Sobre o tema escolhido para 2024, a assessora técnica de Diversidade e Inclusão da Sedac, Rochele Lino, destaca que 'a visibilidade trans é um antídoto poderoso para a ignorância e o preconceito'. Ela também ressalta que, “ao compartilhar histórias de vida, desafios e sucessos, a comunidade trans educa o público, desmistificando mitos e estereótipos prejudiciais. A empatia cresce quando nos aproximamos das experiências trans, reconhecendo que, por trás de cada identidade de gênero, há uma jornada única e valiosa”.


Através da campanha, a Secretaria da Cultura busca proporcionar visibilidade às identidades trans, contribuindo para a quebra de estigmas e preconceitos e oferecendo um espaço para que as narrativas trans sejam ouvidas e apreciadas. A abordagem escolhida objetiva ainda enriquecer a expressão cultural e fortalecer a conexão entre a comunidade trans e a sociedade em geral, colaborando para a construção de uma narrativa mais inclusiva e positiva.


Caff iluminado

O Centro Administrativo Fernando Ferrari (Caff) está iluminado pelas cores da bandeira trans – azul claro, rosa e branco. A ação faz parte do calendário do governo do Estado desde 2021 e busca divulgar o Mês da Visibilidade Trans e reconhecer a importância de políticas públicas para a garantia dos direitos humanos. A iluminação segue até o dia 29 de janeiro.
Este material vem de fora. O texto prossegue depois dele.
(* Suppose each $f_i$ is continuously differentiable and there exist $\mu>0$, $L>0$ with $-L\le\frac1{M_i}f_i'(w)\le-\mu$ for all $i$ and all $w\in\mathbb R$. Let $\omega_b$ solve the blended dynamics and let $\tilde f(t):=Y^TM^{-1/2}\big(f(\mathbb 1_N\omega_b(t))+\xi(t)\big)$. If $C:=\max_{i}\sup_{t>0}|\dot\xi_i(t)|/M_i$ is finite, then for all $t>0$, $$\Big|\frac{d\tilde f}{dt}\Big|^2\le 2NM_bC^2\Big(1+\frac L\mu\Big)^2+\frac{2NL^2}{M_b}\,|f_b(\omega_b(0))+\xi_b(0_+)|^2e^{-2\mu t}.$$ If $C_{\lim}:=\max_i\limsup_{t\to\infty}|\dot\xi_i(t)|/M_i$ is finite, then $$\limsup_{t\to\infty}\Big|\frac{d\tilde f}{dt}\Big|^2\le 2NM_bC_{\lim}^2\Big(1+\frac L\mu\Big)^2.$$
   Context: $N\ge2$ nodes with $M_i>0$, $M=\mathrm{diag}(M_1,\dots,M_N)$, $M_b=\frac1N\sum_iM_i$; functions $f_i:\mathbb R\to\mathbb R$ with $f_i(0)=0$, $f(\omega)=(f_1(\omega_1),\dots,f_N(\omega_N))^T$, $f_b(w)=\frac1N\sum_if_i(w)$. Disturbances $\xi=(\xi_1,\dots,\xi_N)^T$ are continuously differentiable on $(0,\infty)$, possibly with a finite jump at $t=0$ ($\xi(0_+)$ the right limit); $\xi_b=\frac1N\sum_i\xi_i$. The blended dynamics is the scalar ODE $M_b\dot\omega_b=f_b(\omega_b)+\xi_b(t)$ with some initial value $\omega_b(0)$. $\mathbb 1_N$ is the all-ones vector, and $Y\in\mathbb R^{N\times(N-1)}$ is a matrix whose columns form an orthonormal basis of the null space of $\mathbb 1_N^TM^{1/2}$. $|\cdot|$ is the Euclidean norm. *)

theory Defs
  imports "HOL-Analysis.Analysis"
begin

text \<open>Nodes are indexed by 0..N-1; the columns of Y by 0..N-2.
  Vectors/matrices are functions nat => real with explicit bounds.\<close>

definition avg :: "nat \<Rightarrow> (nat \<Rightarrow> real) \<Rightarrow> real" where
  "avg N g = (\<Sum>i<N. g i) / real N"

text \<open>Y has orthonormal columns spanning the null space of 1^T M^(1/2)
  (N-1 orthonormal vectors in an (N-1)-dimensional space form a basis).\<close>
definition Y_basis :: "nat \<Rightarrow> (nat \<Rightarrow> real) \<Rightarrow> (nat \<Rightarrow> nat \<Rightarrow> real) \<Rightarrow> bool" where
  "Y_basis N M Y \<longleftrightarrow>
     (\<forall>k<N-1. \<forall>l<N-1. (\<Sum>i<N. Y i k * Y i l) = (if k = l then 1 else 0)) \<and>
     (\<forall>k<N-1. (\<Sum>i<N. sqrt (M i) * Y i k) = 0)"

definition ftilde_comp :: "nat \<Rightarrow> (nat \<Rightarrow> real) \<Rightarrow> (nat \<Rightarrow> nat \<Rightarrow> real)
     \<Rightarrow> (nat \<Rightarrow> real \<Rightarrow> real) \<Rightarrow> real \<Rightarrow> (nat \<Rightarrow> real) \<Rightarrow> nat \<Rightarrow> real" where
  "ftilde_comp N M Y f w x k = (\<Sum>i<N. Y i k * (f i w + x i) / sqrt (M i))"

end

(* The scalar z = f_b(omega_b) + xi_b, which equals M_b times the derivative of omega_b (the
   imbalance below), satisfies the linear ODE z' = a z + xi_b' with a = avg f'(omega_b) / M_b
   <= -mu. A comparison argument therefore bounds |z t| by |z(T+)| e^(-mu (t - T)) + C M_b / mu.
   The derivative of ftilde is Y^T v with v_i = (f_i'(omega_b) z / M_b + xi_i') / sqrt M_i, so
   Bessel's inequality for the orthonormal columns of Y gives
   |ftilde'|^2 <= sum v_i^2 <= N M_b (L |z| / M_b + C)^2, and (a + b)^2 <= 2 a^2 + 2 b^2 splits
   this into the constant and the decaying part. For the limsup, restart the estimate at a late
   time T after which every |xi_i'| / M_i stays below a given y > C_lim, and let y decrease to
   C_lim. *)

theory Submission
  imports Defs "HOL-Real_Asymp.Real_Asymp"
begin

lemma DERIV_neg_above_level_imp_le:
  fixes U U' :: "real \<Rightarrow> real"
  assumes der: "\<And>t. T < t \<Longrightarrow> (U has_real_derivative U' t) (at t)"
    and lim: "(U \<longlongrightarrow> u0) (at_right T)" and "u0 \<le> c"
    and decr: "\<And>t. T < t \<Longrightarrow> c < U t \<Longrightarrow> U' t < 0"
    and "T < t1"
  shows "U t1 \<le> c"
proof (rule ccontr)
  assume "\<not> U t1 \<le> c"
  then have "u0 < U t1" using \<open>u0 \<le> c\<close> by linarith
  then have "\<forall>\<^sub>F t in at_right T. U t < U t1 \<and> t \<in> {T<..<t1}"
    by (intro eventually_conj order_tendstoD(2)[OF lim] eventually_at_right_real \<open>T < t1\<close>)
  then obtain a where a: "U a < U t1" "T < a" "a < t1"
    using eventually_happens[of _ "at_right T"] by auto
  have "continuous_on {a..t1} U"
    using a by (intro continuous_at_imp_continuous_on ballI DERIV_isCont[OF der]) auto
  then obtain p where p: "p \<in> {a..t1}" "\<And>t. t \<in> {a..t1} \<Longrightarrow> U t \<le> U p"
    using continuous_attains_sup[of "{a..t1}" U] a by auto
  have "U t1 \<le> U p" using p a by auto
  then have "c < U p" "a < p"
    using p(1) a(1) \<open>\<not> U t1 \<le> c\<close> by (auto simp: order.order_iff_strict)
  then obtain d where "d > 0" "\<And>h. 0 < h \<Longrightarrow> h < d \<Longrightarrow> U p < U (p - h)"
    using DERIV_neg_dec_left[OF der decr] by (metis a(2) order.strict_trans)
  then have "U p < U (p - min (d / 2) (p - a))" using \<open>a < p\<close> by auto
  moreover have "p - min (d / 2) (p - a) \<in> {a..t1}" using p \<open>d > 0\<close> by auto
  ultimately show False using p(2) by fastforce
qed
Sobre o Mês da Visibilidade Trans

O Dia Nacional da Visibilidade Trans é celebrado em 29 de janeiro. A data foi escolhida após a organização de um ato nacional, em 2004, para o lançamento da campanha “Travesti e Respeito”, um marco na história do movimento contra a transfobia e na luta pelos direitos da comunidade trans. Desde então, durante o mês de janeiro, associações, instituições e coletivos diversos se engajam na celebração e na reafirmação da importância da luta pelos direitos das pessoas trans.


A busca pela visibilidade e dignidade trans é uma jornada contínua e diária, marcada por desafios que envolvem garantir que todos os indivíduos, independentemente de sua identidade de gênero, tenham o direito fundamental de viver uma vida plena e autêntica. Isso inclui o direito à expressão de gênero, ao acesso à saúde, à educação, à cultura, ao emprego e à participação em todas as esferas da sociedade, sem medo de discriminação ou marginalização.